** Opening Supplied entries block **
lemma subdiff_conjugate_term_le:
  fixes \<phi> :: "'a::real_inner \<Rightarrow> ereal"
  assumes v: "v \<in> subdiff \<phi> yb" and "proper_fun \<phi>" "bounded (edom \<phi>)"
  shows "ereal (y \<bullet> w) - \<phi> y \<le> ereal (yb \<bullet> w) - \<phi> yb + ereal (norm (w - v) * diam_dom \<phi>)"
proof -
  obtain b where b: "\<phi> yb = ereal b"
    using v by (cases "\<phi> yb") (auto simp: subdiff_def)
  have sub: "\<phi> yb + ereal (v \<bullet> (y - yb)) \<le> \<phi> y"
    using v by (auto simp: subdiff_def)
  show ?thesis
  proof (cases "\<phi> y")
    case PInf
    then show ?thesis by simp
  next
    case MInf
    with \<open>proper_fun \<phi>\<close> show ?thesis by (simp add: proper_fun_def)
  next
    case (real c)
    have "y \<in> edom \<phi>" "yb \<in> edom \<phi>"
      using b real by (auto simp: edom_def)
    have "(y - yb) \<bullet> (w - v) \<le> norm (y - yb) * norm (w - v)"
      by (rule norm_cauchy_schwarz)
    also have "\<dots> \<le> diam_dom \<phi> * norm (w - v)"
      using dist_le_diam_dom[OF \<open>bounded (edom \<phi>)\<close> \<open>y \<in> edom \<phi>\<close> \<open>yb \<in> edom \<phi>\<close>]
      by (intro mult_right_mono) (auto simp: dist_norm)
    finally have "(y - yb) \<bullet> (w - v) \<le> norm (w - v) * diam_dom \<phi>"
      by (simp add: mult.commute)
    moreover have "y \<bullet> w - c \<le> yb \<bullet> w - b + (y - yb) \<bullet> (w - v)"
      using sub b real by (simp add: inner_diff_left inner_diff_right inner_commute)
    ultimately show ?thesis
      using b real by simp
  qed
qed

lemma primal_dual_gap_le_residuals:
  fixes A :: "real^'n^'m" and G :: "real^'n \<Rightarrow> ereal" and \<phi> :: "real^'m \<Rightarrow> ereal"
  assumes "\<mu> > 0"
    and g: "g \<in> subdiff G xb"
    and growth: "\<And>x. G xb + ereal (g \<bullet> (x - xb) + \<mu> / 2 * (norm (x - xb))\<^sup>2) \<le> G x"
    and v: "v \<in> subdiff \<phi> yb" and "proper_fun \<phi>" "bounded (edom \<phi>)"
  shows "G xb + (SUP y. ereal (y \<bullet> (A *v xb)) - \<phi> y)
           - ((INF x. G x + ereal (yb \<bullet> (A *v x))) - \<phi> yb)
         \<le> ereal (norm (A *v xb - v) * diam_dom \<phi> + (norm (g + transpose A *v yb))\<^sup>2 / (2 * \<mu>))"
proof -
  define c where "c = yb \<bullet> (A *v xb)"
  define \<eta> where "\<eta> = norm (g + transpose A *v yb)"
  define \<zeta> where "\<zeta> = norm (A *v xb - v)"
  define S where "S = (SUP y. ereal (y \<bullet> (A *v xb)) - \<phi> y)"
  define Q where "Q = (INF x. G x + ereal (yb \<bullet> (A *v x)))"
  obtain a where a: "G xb = ereal a"
    using g by (cases "G xb") (auto simp: subdiff_def)
  obtain b where b: "\<phi> yb = ereal b"
    using v by (cases "\<phi> yb") (auto simp: subdiff_def)
  have adjoint: "yb \<bullet> (A *v x) = (transpose A *v yb) \<bullet> x" for x
    by (simp add: dot_lmul_matrix)
  have "ereal (a + c - \<eta>\<^sup>2 / (2 * \<mu>)) \<le> Q"
    unfolding Q_def
  proof (rule INF_greatest)
    fix x
    show "ereal (a + c - \<eta>\<^sup>2 / (2 * \<mu>)) \<le> G x + ereal (yb \<bullet> (A *v x))"
      using quadratic_growth_add_inner_ge[OF \<open>\<mu> > 0\<close> growth[of x], of "transpose A *v yb"] a
      by (simp add: adjoint c_def \<eta>_def add_diff_eq)
  qed
  moreover have "Q \<le> ereal (a + c)"
    unfolding Q_def using a INF_lower[of xb UNIV "\<lambda>x. G x + ereal (yb \<bullet> (A *v x))"]
    by (simp add: c_def)
  moreover have "S \<le> ereal (c - b + \<zeta> * diam_dom \<phi>)"
    unfolding S_def using subdiff_conjugate_term_le[OF assms(4-6), where w = "A *v xb"] b
    by (auto simp: c_def \<zeta>_def intro: SUP_least)
  moreover have "ereal (c - b) \<le> S"
    unfolding S_def using b SUP_upper[of yb UNIV "\<lambda>y. ereal (y \<bullet> (A *v xb)) - \<phi> y"]
    by (simp add: c_def)
  ultimately show ?thesis
    unfolding S_def[symmetric] Q_def[symmetric] \<eta>_def[symmetric] \<zeta>_def[symmetric]
    using a b by (cases S; cases Q) auto
qed

theorem theorem6p3:
  fixes A :: "real^'n^'m"
    and f :: "real^'n \<Rightarrow> real" and gradf :: "real^'n \<Rightarrow> real^'n"
    and r :: "real^'n \<Rightarrow> ereal" and \<phi> :: "real^'m \<Rightarrow> ereal"
    and Lf \<mu> \<epsilon> :: real and xbar :: "real^'n" and ybar :: "real^'m"
  assumes f_convex: "convex_on UNIV f"
    and f_grad: "\<And>x. (f has_derivative (\<lambda>h. gradf x \<bullet> h)) (at x)"
    and f_lip: "\<And>x y. norm (gradf x - gradf y) \<le> Lf * norm (x - y)"
    and mu_pos: "\<mu> > 0"
    and f_strong: "strongly_convex_on \<mu> f"
    and r_proper: "proper_fun r" and r_closed: "closed_fun r" and r_convex: "convex_fun r"
    and phi_proper: "proper_fun \<phi>" and phi_closed: "closed_fun \<phi>" and phi_convex: "convex_fun \<phi>"
    and phi_bdd: "bounded (edom \<phi>)"
    and saddle: "\<exists>xs ys. - (transpose A *v ys) \<in> subdiff (\<lambda>x. ereal (f x) + r x) xs
                       \<and> A *v xs \<in> subdiff \<phi> ys"
    and eps_nonneg: "\<epsilon> \<ge> 0"
    and eps1: "dist0 {g + transpose A *v ybar | g. g \<in> subdiff (\<lambda>x. ereal (f x) + r x) xbar}
                 \<le> ereal \<epsilon>"
    and eps2: "dist0 {A *v xbar - v | v. v \<in> subdiff \<phi> ybar} \<le> ereal \<epsilon>"
  shows "let G = (\<lambda>x. ereal (f x) + r x);
             p = (\<lambda>x. G x + (SUP y. ereal (y \<bullet> (A *v x)) - \<phi> y));
             \<phi>\<^sub>d = (\<lambda>y. INF x. G x + ereal (y \<bullet> (A *v x)));
             d = (\<lambda>y. \<phi>\<^sub>d y - \<phi> y)
         in p xbar - d ybar \<le> ereal (2 * \<epsilon> * diam_dom \<phi> + 3 * \<epsilon>\<^sup>2 / (2 * \<mu>))"
proof -
  define G where "G = (\<lambda>x. ereal (f x) + r x)"
  define gap where "gap = G xbar + (SUP y. ereal (y \<bullet> (A *v xbar)) - \<phi> y)
                            - ((INF x. G x + ereal (ybar \<bullet> (A *v x))) - \<phi> ybar)"
  define D where "D = diam_dom \<phi>"
  define B where "B = (\<lambda>\<delta>. (\<epsilon> + \<delta>) * D + (\<epsilon> + \<delta>)\<^sup>2 / (2 * \<mu>))"
  have "0 \<le> D"
    unfolding D_def using phi_proper phi_bdd by (rule diam_dom_nonneg)
  have gap_le: "gap \<le> ereal (B \<delta>)" if "0 < \<delta>" for \<delta>
  proof -
    obtain g where g: "g \<in> subdiff G xbar" and g_small: "norm (g + transpose A *v ybar) < \<epsilon> + \<delta>"
      using dist0_le_imp_ex_norm_less[OF eps1, of "\<epsilon> + \<delta>"] \<open>0 < \<delta>\<close> by (auto simp: G_def)
    obtain v where v: "v \<in> subdiff \<phi> ybar" and v_small: "norm (A *v xbar - v) < \<epsilon> + \<delta>"
      using dist0_le_imp_ex_norm_less[OF eps2, of "\<epsilon> + \<delta>"] \<open>0 < \<delta>\<close> by auto
    have "gap \<le> ereal (norm (A *v xbar - v) * D + (norm (g + transpose A *v ybar))\<^sup>2 / (2 * \<mu>))"
      unfolding gap_def D_def
      using primal_dual_gap_le_residuals[OF mu_pos g _ v phi_proper phi_bdd]
        subdiff_strongly_convex_growth[OF f_strong r_convex r_proper g[unfolded G_def]]
      by (simp add: G_def)
    also have "\<dots> \<le> ereal (B \<delta>)"
      unfolding B_def using \<open>0 \<le> D\<close> mu_pos g_small v_small
      by (auto intro!: add_mono mult_right_mono divide_right_mono power_mono)
    finally show ?thesis .
  qed
  have "((\<lambda>\<delta>. ereal (B \<delta>)) \<longlongrightarrow> ereal (B 0)) (at_right 0)"
    unfolding B_def using mu_pos by (intro tendsto_ereal tendsto_intros) auto
  then have "gap \<le> ereal (B 0)"
    using gap_le by (rule tendsto_lowerbound[OF _ eventually_at_rightI[of 0 1]]) auto
  also have "B 0 \<le> 2 * \<epsilon> * D + 3 * \<epsilon>\<^sup>2 / (2 * \<mu>)"
    unfolding B_def using \<open>0 \<le> D\<close> eps_nonneg mu_pos by (simp add: field_simps)
  finally show ?thesis
    unfolding Let_def gap_def G_def D_def by simp
qed

end
(* Let $a>0$, $b,c\ge 0$, and consider the system $$\dot x=x(1-y+cx-axz),\qquad \dot y=y(-1+x),\qquad \dot z=z(-b+ax^2).$$ Let $f$ be an irreducible Darboux polynomial of degree greater than one with cofactor $K=\alpha_2y$, $\alpha_2\in\mathbb{C}$. Then $\alpha_2=0$.
   Context: A Darboux polynomial is $f\in\mathbb{C}[x,y,z]$ with $x(1-y+cx-axz)f_x+y(-1+x)f_y+z(-b+ax^2)f_z=Kf$ for a polynomial cofactor $K$ of degree at most two. *)

theory Defs
  imports "HOL-Computational_Algebra.Polynomial_Factorial"
begin

text \<open>Polynomials in C[x,y,z] are represented as nested univariate polynomials:
  type complex poly poly poly, outermost variable z, middle y, innermost x.
  This ring is isomorphic to C[x,y,z], and it is a factorial ring.\<close>

type_synonym cpoly3 = "complex poly poly poly"

definition cst :: "complex \<Rightarrow> cpoly3" where
  "cst c = [:[:[:c:]:]:]"

definition varX :: cpoly3 where
  "varX = [:[:[:0, 1:]:]:]"

definition varY :: cpoly3 where
  "varY = [:[:0, 1:]:]"

definition varZ :: cpoly3 where
  "varZ = [:0, 1:]"

definition coeff3 :: "cpoly3 \<Rightarrow> nat \<Rightarrow> nat \<Rightarrow> nat \<Rightarrow> complex" where
  "coeff3 f i j k = coeff (coeff (coeff f k) j) i"

definition tdeg :: "cpoly3 \<Rightarrow> nat" where
  "tdeg f = Max ({i + j + k | i j k. coeff3 f i j k \<noteq> 0} \<union> {0})"

definition dX :: "cpoly3 \<Rightarrow> cpoly3" where
  "dX f = map_poly (map_poly pderiv) f"

definition dY :: "cpoly3 \<Rightarrow> cpoly3" where
  "dY f = map_poly pderiv f"

definition dZ :: "cpoly3 \<Rightarrow> cpoly3" where
  "dZ f = pderiv f"

definition darboux :: "real \<Rightarrow> real \<Rightarrow> real \<Rightarrow> cpoly3 \<Rightarrow> cpoly3 \<Rightarrow> bool" where
  "darboux a b c f K \<longleftrightarrow> f \<noteq> 0 \<and> tdeg K \<le> 2 \<and>
     varX * (1 - varY + cst (complex_of_real c) * varX - cst (complex_of_real a) * varX * varZ) * dX f
     + varY * (-1 + varX) * dY f
     + varZ * (- cst (complex_of_real b) + cst (complex_of_real a) * varX ^ 2) * dZ f
     = K * f"

end

theory Submission
  imports Defs "Subresultants.More_Homomorphisms"
begin

(* Setting x = 0 in the Darboux equation kills the x-derivative term and leaves, for
   g = f(0, y, z), the equation  y g_y + b z g_z + \<alpha>2 y g = 0.  The operator
   g \<mapsto> y g_y + b z g_z maps every monomial to a multiple of itself, whereas
   multiplication by y raises the y-degree, so comparing the top y-coefficient of each
   z-coefficient gives g = 0 unless \<alpha>2 = 0.  Then x divides f, irreducibility makes f
   a constant multiple of x, and f has degree one. *)

lemma euler_eq_x_mult_imp_zero:
  fixes q :: "'a::idom poly"
  assumes "\<gamma> \<noteq> 0"
    and "[:0, 1:] * pderiv q + [:\<beta>:] * q + [:\<gamma>:] * [:0, 1:] * q = 0"
  shows "q = 0"
proof (rule ccontr)
  assume "q \<noteq> 0"
  have "coeff ([:0, 1:] * pderiv q + [:\<beta>:] * q + [:\<gamma>:] * [:0, 1:] * q) (Suc (degree q))
      = \<gamma> * lead_coeff q"
    by (simp add: coeff_pderiv coeff_eq_0)
  with assms \<open>q \<noteq> 0\<close> show False by simp
qed

lemma euler_yz_eq_y_mult_imp_zero:
  fixes g :: "'a::idom poly poly"
  assumes "\<gamma> \<noteq> 0"
    and "[:[:0, 1:]:] * map_poly pderiv g + [:[:\<beta>:]:] * [:0, 1:] * pderiv g
      + [:[:\<gamma>:]:] * [:[:0, 1:]:] * g = 0"
  shows "g = 0"
proof (rule poly_eqI)
  fix k
  have "coeff ([:[:0, 1:]:] * map_poly pderiv g + [:[:\<beta>:]:] * [:0, 1:] * pderiv g
      + [:[:\<gamma>:]:] * [:[:0, 1:]:] * g) k
    = [:0, 1:] * pderiv (coeff g k) + [:of_nat k * \<beta>:] * coeff g k
      + [:\<gamma>:] * [:0, 1:] * coeff g k"
    by (cases k) (simp_all add: coeff_map_poly coeff_pderiv of_nat_poly)
  with assms show "coeff g k = coeff 0 k"
    using euler_eq_x_mult_imp_zero by auto
qed

lemma tdeg_leI:
  assumes "\<And>i j k. coeff3 f i j k \<noteq> 0 \<Longrightarrow> i + j + k \<le> n"
  shows "tdeg f \<le> n"
proof -
  let ?S = "{i + j + k | i j k. coeff3 f i j k \<noteq> 0} \<union> {0}"
  have "?S \<subseteq> {..n}"
    using assms by auto
  moreover from this have "finite ?S"
    using finite_subset by blast
  ultimately show ?thesis
    unfolding tdeg_def by (auto simp: Max_le_iff)
qed

lemma tdeg_le_1_if_irreducible_varX_dvd:
  assumes "irreducible f" and "varX dvd f"
  shows "tdeg f \<le> 1"
proof -
  obtain g where f: "f = varX * g"
    using assms(2) by blast
  have "\<not> is_unit varX"
    by (simp add: varX_def is_unit_poly_iff)
  with assms(1) f have "is_unit g"
    by (auto dest: irreducibleD)
  then obtain u where "g = [:[:[:u:]:]:]"
    by (auto simp: is_unit_poly_iff elim: degree_eq_zeroE)
  with f have "f = [:[:[:0, u:]:]:]"
    by (simp add: varX_def)
  then show ?thesis
    by (intro tdeg_leI) (auto simp: coeff3_def coeff_pCons split: nat.splits)
qed

definition eval_x0 :: "cpoly3 \<Rightarrow> complex poly poly" where
  "eval_x0 = map_poly (map_poly (\<lambda>p. poly p 0))"

interpretation poly_at_0: map_poly_idom_hom "\<lambda>p :: complex poly. poly p 0" ..

interpretation map_poly_at_0: map_poly_idom_hom "map_poly (\<lambda>p :: complex poly. poly p 0)" ..

interpretation eval_x0: idom_hom eval_x0
  unfolding eval_x0_def ..

lemma eval_x0_dY: "eval_x0 (dY f) = map_poly pderiv (eval_x0 f)"
  unfolding eval_x0_def dY_def
  by (simp add: map_poly_map_poly o_def poly_hom.map_poly_pderiv)

lemma eval_x0_dZ: "eval_x0 (dZ f) = pderiv (eval_x0 f)"
  unfolding eval_x0_def dZ_def by (rule poly_at_0.map_poly_pderiv)

lemma eval_x0_varX: "eval_x0 varX = 0"
  and eval_x0_varY: "eval_x0 varY = [:[:0, 1:]:]"
  and eval_x0_varZ: "eval_x0 varZ = [:0, 1:]"
  and eval_x0_cst: "eval_x0 (cst c) = [:[:c:]:]"
  by (simp_all add: eval_x0_def varX_def varY_def varZ_def cst_def hom_distribs)

lemma varX_dvd_iff_eval_x0: "varX dvd f \<longleftrightarrow> eval_x0 f = 0"
proof -
  have "varX dvd f \<longleftrightarrow> (\<forall>k j. [:0, 1:] dvd coeff (coeff f k) j)"
    by (simp add: varX_def const_poly_dvd_iff)
  also have "\<dots> \<longleftrightarrow> (\<forall>k j. poly (coeff (coeff f k) j) 0 = 0)"
    by (simp add: poly_eq_0_iff_dvd)
  also have "\<dots> \<longleftrightarrow> eval_x0 f = 0"
    by (simp add: eval_x0_def poly_eq_iff coeff_map_poly)
  finally show ?thesis .
qed

lemma darboux_y_cofactor_at_x0:
  assumes "darboux a b c f (cst \<alpha> * varY)"
  shows "[:[:0, 1:]:] * map_poly pderiv (eval_x0 f)
      + [:[:complex_of_real b:]:] * [:0, 1:] * pderiv (eval_x0 f)
      + [:[:\<alpha>:]:] * [:[:0, 1:]:] * eval_x0 f = 0"
proof -
  from assms have eq: "varX * (1 - varY + cst (complex_of_real c) * varX
        - cst (complex_of_real a) * varX * varZ) * dX f
      + varY * (-1 + varX) * dY f
      + varZ * (- cst (complex_of_real b) + cst (complex_of_real a) * varX ^ 2) * dZ f
    = cst \<alpha> * varY * f"
    unfolding darboux_def by blast
  have dX_term: "eval_x0 (varX * (1 - varY + cst (complex_of_real c) * varX
        - cst (complex_of_real a) * varX * varZ) * dX f) = 0"
    by (simp add: eval_x0.hom_mult eval_x0_varX)
  have dY_term: "eval_x0 (varY * (-1 + varX) * dY f)
      = - ([:[:0, 1:]:] * map_poly pderiv (eval_x0 f))"
    unfolding eval_x0.hom_mult eval_x0.hom_add eval_x0.hom_uminus eval_x0.hom_one
      eval_x0_varX eval_x0_varY eval_x0_dY
    by (simp only: add_0_right mult_minus1_right mult_minus_left)
  have dZ_term: "eval_x0 (varZ * (- cst (complex_of_real b)
        + cst (complex_of_real a) * varX ^ 2) * dZ f)
      = - ([:[:complex_of_real b:]:] * [:0, 1:] * pderiv (eval_x0 f))"
    unfolding eval_x0.hom_mult eval_x0.hom_add eval_x0.hom_uminus eval_x0.hom_power
      eval_x0_varX eval_x0_varZ eval_x0_cst eval_x0_dZ
    by (simp only: power_zero_numeral mult_zero_right add_0_right mult_minus_right
        mult_minus_left mult.commute[of "[:0, 1:]"])
  have cofactor_term: "eval_x0 (cst \<alpha> * varY * f) = [:[:\<alpha>:]:] * [:[:0, 1:]:] * eval_x0 f"
    by (simp add: eval_x0.hom_mult eval_x0_varY eval_x0_cst)
  from arg_cong[OF eq, of eval_x0] show ?thesis
    unfolding eval_x0.hom_add dX_term dY_term dZ_term cofactor_term add_0_left
      minus_add_distrib[symmetric] neg_eq_iff_add_eq_0 .
qed

theorem lemma4p4:
  fixes a b c :: real and f :: cpoly3 and \<alpha>2 :: complex
  assumes "a > 0" and "b \<ge> 0" and "c \<ge> 0"
    and "irreducible f"
    and "tdeg f > 1"
    and "darboux a b c f (cst \<alpha>2 * varY)"
  shows "\<alpha>2 = 0"
proof (rule ccontr)
  assume "\<alpha>2 \<noteq> 0"
  then have "eval_x0 f = 0"
    using euler_yz_eq_y_mult_imp_zero darboux_y_cofactor_at_x0[OF assms(6)] by blast
  then have "varX dvd f"
    by (simp add: varX_dvd_iff_eval_x0)
  with assms(4) have "tdeg f \<le> 1"
    by (rule tdeg_le_1_if_irreducible_varX_dvd)
  with assms(5) show False
    by simp
qed

end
** Closing Supplied entries block **
_Your objective_.
When a line of the records holds the word "symmetric", copy that line.

_Output for this exercise_.
    unfolding S_def[symmetric] Q_def[symmetric] \<eta>_def[symmetric] \<zeta>_def[symmetric]
      minus_add_distrib[symmetric] neg_eq_iff_add_eq_0 .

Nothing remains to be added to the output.